Владислав Ходасевич организовал группы «Перекресток» и в нее входили поэты младшего поколения, которые ориентировались на требования, предъявляемые к поэзии Ходасевичем. Группа «Парижская нота» – это формально неорганизованная школа, которая ориентировалась не требования, которые Адамович предъявлял к поэзии.

Помимо этих двух, существовала еще группа «Кочевье», которая ориентировалась на Цветаеву, Пастернака с более формальными поисками. Существовали авторы, которые не входили ни в одну из групп, но тем не менее все между собой общались и из этого общения, из этих споров рождался сам литературный процесс. В чем же главный вопрос, который волновал Адамовича и Ходасевича? Вопрос этот звучал достаточно просто – это как в дальнейшем должна развиваться литература за рубежом, какой путь она должна избрать и как должны выглядеть стихи.

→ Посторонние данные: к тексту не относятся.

lemma execs_splice:
  assumes "SA \<in> execs F chan msg" and "SB \<in> execs F chan msg"
    and "restrict_sys chan SA K = restrict_sys chan SB K"
    and local: "\<And>l. chans F l \<subseteq> P \<union> K \<or> chans F l \<inter> P = {}"
  obtains M where "M \<in> execs F chan msg"
    and "restrict_sys chan M (P \<union> K) = restrict_sys chan SA (P \<union> K)"
    and "restrict_sys chan M (- P) = restrict_sys chan SB (- P)"
proof -
  obtain BA RA BB RB where SA_eq: "SA = (BA, RA)" and SB_eq: "SB = (BB, RB)"
    by fastforce
  note SA = assms(1)[unfolded SA_eq] and SB = assms(2)[unfolded SB_eq]
    and agree_K = assms(3)[unfolded SA_eq SB_eq]
  define XA where "XA = {e \<in> BA. chan e \<in> P \<union> K}"
  define XB where "XB = {e \<in> BB. chan e \<in> - P}"
  define R where "R = order_merge (Restr RA XA) (Restr RB XB)"
  have K_events: "e \<in> BA \<longleftrightarrow> e \<in> BB" if "chan e \<in> K" for e
    using restrict_sys_eq_events[OF agree_K that] by simp
  have XA_part: "{e \<in> XA \<union> XB. chan e \<in> P \<union> K} = XA"
    and XB_part: "{e \<in> XA \<union> XB. chan e \<in> - P} = XB"
    unfolding XA_def XB_def using K_events by blast+
  have overlap_agree: "(x, y) \<in> RA \<longleftrightarrow> (x, y) \<in> RB"
    if "x \<in> XA \<inter> XB" "y \<in> XA \<inter> XB" for x y
    using restrict_sys_eq_order[OF agree_K] that unfolding XA_def XB_def by auto
  have local_M: "loc_events F chan (XA \<union> XB) l = loc_events F chan BA l
      \<and> loc_events F chan BA l \<subseteq> XA
    \<or> loc_events F chan (XA \<union> XB) l = loc_events F chan BB l
      \<and> loc_events F chan BB l \<subseteq> XB" for l
    using local[of l] XA_part XB_part unfolding loc_events_altdef XA_def XB_def by blast
  have XA_sub: "XA \<subseteq> BA" and XB_sub: "XB \<subseteq> BB"
    unfolding XA_def XB_def by blast+
  have systems: "system_of_events (BA, RA)" "system_of_events (BB, RB)"
    using SA SB unfolding execs_def by simp_all
  interpret agreeing_orders XA XB "Restr RA XA" "Restr RB XB"
    by (rule agreeing_orders_Restr[OF systems XA_sub XB_sub overlap_agree])
  have "(XA \<union> XB, R) \<in> execs F chan msg"
    unfolding R_def by (rule execs_order_merge[OF SA SB XA_sub XB_sub overlap_agree local_M])
  moreover have "restrict_sys chan (XA \<union> XB, R) (P \<union> K) = (XA, Restr RA XA)"
    "restrict_sys chan (XA \<union> XB, R) (- P) = (XB, Restr RB XB)"
    unfolding R_def restrict_sys_altdef fst_conv snd_conv XA_part XB_part
      Restr_order_merge_left Restr_order_merge_right by simp_all
  moreover have "restrict_sys chan SA (P \<union> K) = (XA, Restr RA XA)"
    "restrict_sys chan SB (- P) = (XB, Restr RB XB)"
    unfolding restrict_sys_altdef SA_eq SB_eq XA_def XB_def by simp_all
  ultimately show ?thesis
    using that[of "(XA \<union> XB, R)"] by simp
qed

lemma undirected_path_snoc:
  assumes path: "undirected_path F ls cs"
    and new_edge: "ends F c = Some (last ls, l) \<or> ends F c = Some (l, last ls)"
  shows "undirected_path F (ls @ [l]) (cs @ [c])"
  unfolding undirected_path_def
proof (intro conjI allI impI)
  have len: "length ls = Suc (length cs)"
    using path unfolding undirected_path_def by simp
  then show "length (ls @ [l]) = Suc (length (cs @ [c]))"
    by simp
  have last_ls: "ls ! length cs = last ls"
    using len by (metis last_conv_nth diff_Suc_1 list.size(3) nat.distinct(1))
  fix k
  assume "k < length (cs @ [c])"
  then consider "k < length cs" | "k = length cs"
    by fastforce
  then show "ends F ((cs @ [c]) ! k) = Some ((ls @ [l]) ! k, (ls @ [l]) ! Suc k)
    \<or> ends F ((cs @ [c]) ! k) = Some ((ls @ [l]) ! Suc k, (ls @ [l]) ! k)"
  proof cases
    case 1
    then show ?thesis
      using path len unfolding undirected_path_def by (simp add: nth_append)
  next
    case 2
    then show ?thesis
      using new_edge len last_ls by (simp add: nth_append)
  qed
qed

inductive_set reach_avoiding :: "('loc, 'ch, 'd) frame \<Rightarrow> 'ch set \<Rightarrow> 'ch set \<Rightarrow> 'loc set"
  for F K C where
  start: "c \<in> C \<Longrightarrow> is_endpoint F l c \<Longrightarrow> l \<in> reach_avoiding F K C"
| step: "l \<in> reach_avoiding F K C \<Longrightarrow> c \<notin> K \<Longrightarrow> is_endpoint F l c \<Longrightarrow> is_endpoint F l' c
    \<Longrightarrow> l' \<in> reach_avoiding F K C"

lemma reach_avoiding_path:
  assumes "l \<in> reach_avoiding F K C"
  shows "\<exists>ls cs. undirected_path F ls cs \<and> (\<exists>c\<in>C. is_endpoint F (hd ls) c)
    \<and> last ls = l \<and> set cs \<inter> K = {}"
  using assms
proof induction
  case (start c l)
  have "undirected_path F [l] []"
    unfolding undirected_path_def by simp
  then show ?case
    using start by fastforce
next
  case (step l c l')
  then obtain ls cs where path: "undirected_path F ls cs" "\<exists>c\<in>C. is_endpoint F (hd ls) c"
    "last ls = l" "set cs \<inter> K = {}"
    by blast
  show ?case
  proof (cases "l' = l")
    case False
    then have "ends F c = Some (last ls, l') \<or> ends F c = Some (l', last ls)"
      using step.hyps(3,4) path(3) unfolding is_endpoint_def by auto
    then have "undirected_path F (ls @ [l']) (cs @ [c])"
      by (rule undirected_path_snoc[OF path(1)])
    moreover have "ls \<noteq> []"
      using path(1) unfolding undirected_path_def by auto
    ultimately show ?thesis
      using path step.hyps(2) by (intro exI[of _ "ls @ [l']"] exI[of _ "cs @ [c]"]) auto
  qed (use path in blast)
qed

В этом смысле Ходасевич проповедовал максимальное следование канонам, по сути – это был неоклассицизм с точностью, строгостью. Если говорить просто, то он проповедовал хорошие, качественные стихи. Георгий Адамович исходил несколько из иного принципа, он предполагал, что в стихах должна в первую очередь отразиться личность автора. Стихотворение должно представлять собой нечто вроде человеческого документа, может быть оно будет не столь совершенно с точки зрения внешних форм, как этого требовал Ходасевич, но оно должно содержать нечто уникальное – то, что будет говорить о душе автора и пересказывать ту боль, которую этот человек имеет у себя за душой.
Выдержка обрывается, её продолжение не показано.